With this architecture, Coinbase has achieved impressive results:

• Spikes up to six figures transactions per second with no issues
• P99 response times under one millisecond
• Zero downtime deployments
• Perfect reproduction of production issues for debugging

Debugging Superpower

Yu highlights a unique benefit of the deterministic architecture: "My favorite is, if something's weird, I can do full reproduction of the functional issues because everything fits on one thread. That means the entire memory set fits on one machine. It means I can run it on my laptop. If I go ahead and find something weird in the market, I can go download the logs, the request log, replay it, and replay all of that production logic in a debugger. I will literally see what each register is and all of that."

Testing and Experimentation

"The other really cool thing, I'm going to belabor this because I really like the log replay stuff, is you can stream your request log to another stack and perturb that thing. You can run experiments on your production data and do pre-production testing of your rolling deployments, pre-production testing of your configuration changes, all because you put all your logic on one nice little request stream."

This enables safe experimentation with complex topology changes: "This gives us the ability to do complicated topology changes in the cloud, which is terrifying to anybody, but we're able to literally run that with live production streaming load. That has been a superpower for a lot of us."

Trade-offs and Considerations

While this architecture delivers exceptional performance and reliability, it comes with important trade-offs:

Resource Utilization

"The one that's hot is pegged, yes," Yu confirms when asked about CPU utilization. "The only thing that needs to spin is the core logic that is handling orders as fast as possible.
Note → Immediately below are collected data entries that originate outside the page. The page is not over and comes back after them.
(* Let $\mathcal{B}=\{B_j:j\in\mathbb{N}_0\}$ be a correlation basis, let $g,h\in\mathcal{L}^2([0,1])$ be standardized, and let $X,Y$ be random variables with continuous distribution functions $F_X,F_Y$. Then $$\rho_{\{g,h\}}(X,Y)=\sum_{j=1}^\infty\sum_{k=1}^\infty\alpha_j(g)\alpha_k(h)\rho^B_{jk}(X,Y),$$ where $\alpha_j(\psi)=\int_0^1\psi(u)B_j(u)\,\mathrm{d}u$ for $\psi\in\mathcal{L}^2([0,1])$, and $\sum_{j=1}^\infty\alpha_j(g)^2=\sum_{j=1}^\infty\alpha_j(h)^2=1$.
   Context: A correlation basis is a complete orthonormal system $\{B_j:j\in\mathbb{N}_0\}$ of $\mathcal{L}^2([0,1])$ (Lebesgue measure) with $B_0\equiv1$. $\psi$ is standardized if $\int_0^1\psi=0$ and $\int_0^1\psi^2=1$. $\rho_{\{g,h\}}(X,Y)=\rho(g(F_X(X)),h(F_Y(Y)))$ with $\rho$ Pearson correlation, and $\rho^B_{jk}(X,Y)=\rho_{\{B_j,B_k\}}(X,Y)$. *)

theory Defs
  imports "HOL-Probability.Probability"
begin

definition L2_01 :: "(real \<Rightarrow> real) \<Rightarrow> bool" where
  "L2_01 f \<longleftrightarrow> f \<in> borel_measurable borel \<and> set_integrable lborel {0..1} (\<lambda>u. (f u)\<^sup>2)"

definition ip01 :: "(real \<Rightarrow> real) \<Rightarrow> (real \<Rightarrow> real) \<Rightarrow> real" where
  "ip01 f g = (LINT u:{0..1}|lborel. f u * g u)"

text \<open>Correlation basis: complete orthonormal system of L^2([0,1]) with B_0 = 1 (a.e.).
  Completeness = finite linear combinations are dense in L^2([0,1]).\<close>
definition correlation_basis :: "(nat \<Rightarrow> real \<Rightarrow> real) \<Rightarrow> bool" where
  "correlation_basis B \<longleftrightarrow>
     (\<forall>j. L2_01 (B j)) \<and>
     (\<forall>j k. ip01 (B j) (B k) = (if j = k then 1 else 0)) \<and>
     (AE u in lborel. u \<in> {0..1} \<longrightarrow> B 0 u = 1) \<and>
     (\<forall>f. L2_01 f \<longrightarrow> (\<forall>e>0. \<exists>n c.
         ip01 (\<lambda>u. f u - (\<Sum>j<n. c j * B j u)) (\<lambda>u. f u - (\<Sum>j<n. c j * B j u)) < e))"

definition standardized :: "(real \<Rightarrow> real) \<Rightarrow> bool" where
  "standardized \<psi> \<longleftrightarrow> (LINT u:{0..1}|lborel. \<psi> u) = 0 \<and> (LINT u:{0..1}|lborel. (\<psi> u)\<^sup>2) = 1"

definition alpha :: "(nat \<Rightarrow> real \<Rightarrow> real) \<Rightarrow> nat \<Rightarrow> (real \<Rightarrow> real) \<Rightarrow> real" where
  "alpha B j \<psi> = (LINT u:{0..1}|lborel. \<psi> u * B j u)"

definition pearson :: "'a measure \<Rightarrow> ('a \<Rightarrow> real) \<Rightarrow> ('a \<Rightarrow> real) \<Rightarrow> real" where
  "pearson M A C =
     ((LINT w|M. A w * C w) - (LINT w|M. A w) * (LINT w|M. C w)) /
     sqrt (((LINT w|M. (A w)\<^sup>2) - (LINT w|M. A w)\<^sup>2) * ((LINT w|M. (C w)\<^sup>2) - (LINT w|M. C w)\<^sup>2))"

definition distfun :: "'a measure \<Rightarrow> ('a \<Rightarrow> real) \<Rightarrow> real \<Rightarrow> real" where
  "distfun M X = cdf (distr M borel X)"

definition rho_gen :: "'a measure \<Rightarrow> (real \<Rightarrow> real) \<Rightarrow> (real \<Rightarrow> real) \<Rightarrow> ('a \<Rightarrow> real) \<Rightarrow> ('a \<Rightarrow> real) \<Rightarrow> real" where
  "rho_gen M g h X Y = pearson M (\<lambda>w. g (distfun M X (X w))) (\<lambda>w. h (distfun M Y (Y w)))"

definition rhoB :: "(nat \<Rightarrow> real \<Rightarrow> real) \<Rightarrow> nat \<Rightarrow> nat \<Rightarrow> 'a measure \<Rightarrow> ('a \<Rightarrow> real) \<Rightarrow> ('a \<Rightarrow> real) \<Rightarrow> real" where
  "rhoB B j k M X Y = rho_gen M (B j) (B k) X Y"

end

theory Submission
  imports Defs
begin

(* By the probability integral transform, U = F_X(X) and V = F_Y(Y) are uniform on [0,1].
  Hence for standardized phi, psi the correlation rho_{phi,psi}(X,Y) is the cross moment
  E[phi(U) psi(V)], and the B_j(U) form an orthonormal system in L^2 in which phi(U) has the
  L^2-convergent Fourier expansion sum_j alpha_j(phi) B_j(U). Continuity of the inner product
  gives rho_{g,h} = sum_j alpha_j(g) rho_{B_j,h}, and, by symmetry, each rho_{B_j,h} =
  sum_k alpha_k(h) rho_{B_j,B_k}. The terms with index 0 vanish because B_0 = 1 and
  standardized functions have mean 0; Parseval's identity gives sum_j alpha_j^2 = 1. *)

section \<open>Orthonormal expansions of square-integrable functions\<close>

lemma abs_mult_le_sum_squares: "\<bar>a * b\<bar> \<le> a\<^sup>2 + (b::real)\<^sup>2"
proof -
  have "2 * (\<bar>a\<bar> * \<bar>b\<bar>) \<le> a\<^sup>2 + b\<^sup>2"
    using sum_squares_bound[of "\<bar>a\<bar>" "\<bar>b\<bar>"] by (simp add: mult.assoc)
  moreover have "0 \<le> \<bar>a\<bar> * \<bar>b\<bar>" by simp
  ultimately show ?thesis unfolding abs_mult by linarith
qed

definition square_integrable :: "'a measure \<Rightarrow> ('a \<Rightarrow> real) \<Rightarrow> bool" where
  "square_integrable M f \<longleftrightarrow> f \<in> borel_measurable M \<and> integrable M (\<lambda>x. (f x)\<^sup>2)"

lemma square_integrable_integrable_mult:
  assumes "square_integrable M f" "square_integrable M g"
  shows "integrable M (\<lambda>x. f x * g x)"
proof (rule Bochner_Integration.integrable_bound)
  show "integrable M (\<lambda>x. (f x)\<^sup>2 + (g x)\<^sup>2)"
    using assms unfolding square_integrable_def by simp
  show "(\<lambda>x. f x * g x) \<in> borel_measurable M"
    using assms unfolding square_integrable_def by auto
  show "AE x in M. norm (f x * g x) \<le> norm ((f x)\<^sup>2 + (g x)\<^sup>2)"
    using abs_mult_le_sum_squares by simp
qed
Everything else is just doing what normal CPUs do, which is sit idle."

This approach prioritizes predictable latency over efficient resource utilization, which is appropriate for financial systems where latency outliers can have significant financial consequences.

Vertical Scaling

Yu advocates for vertical scaling over horizontal scaling for the core matching engine: "Yes. You should vertically scale your core logic boxes. Do you just go big on number of CPUs and memory? Do you go beefy on the machines to reduce the number of machines you need to run?"

This contrasts with the horizontal scaling favored by many large internet companies: "Which is a bit of an antipattern from how Google did things. Also, CPUs are super cheap now, and so is memory."

The reasoning is simple: "What you can do is you care about clock speed, but you don't care about a lot of cores. You care about clock speed, so you can just have a small number of really hot machines, more or less."

System Complexity

While the core matching engine is intentionally simple, the overall system includes multiple components that add complexity:

• Raft consensus implementation
• API gateways with rate limiting
• Multiple replicas for different purposes
• Cross-region replication for disaster recovery

The key is to keep the hot path simple while allowing flexibility in supporting components.

Conclusion: The Engineering Ideal of Simplicity

"All of this is basically chasing. Everything you get here is chasing the Eng ideal of simplicity. Because if you're simple, it's really easy to make that simple thing stable because you can just do a lot of different things with it. You don't have to worry about all these different variables," Yu concludes.

The presentation demonstrates how focusing on determinism through single-threaded architecture, combined with consensus for durability, creates a foundation for building extremely reliable and performant financial systems. By simplifying the core logic and carefully managing the hot path, the system achieves sub-millisecond latencies while maintaining 24/7 availability.

"The thing you get is if you want to just remove a lot of the stuff in your architecture diagram, there's probably easy 10X opportunities in your system right now. That's really it. Simplify your systems, everybody."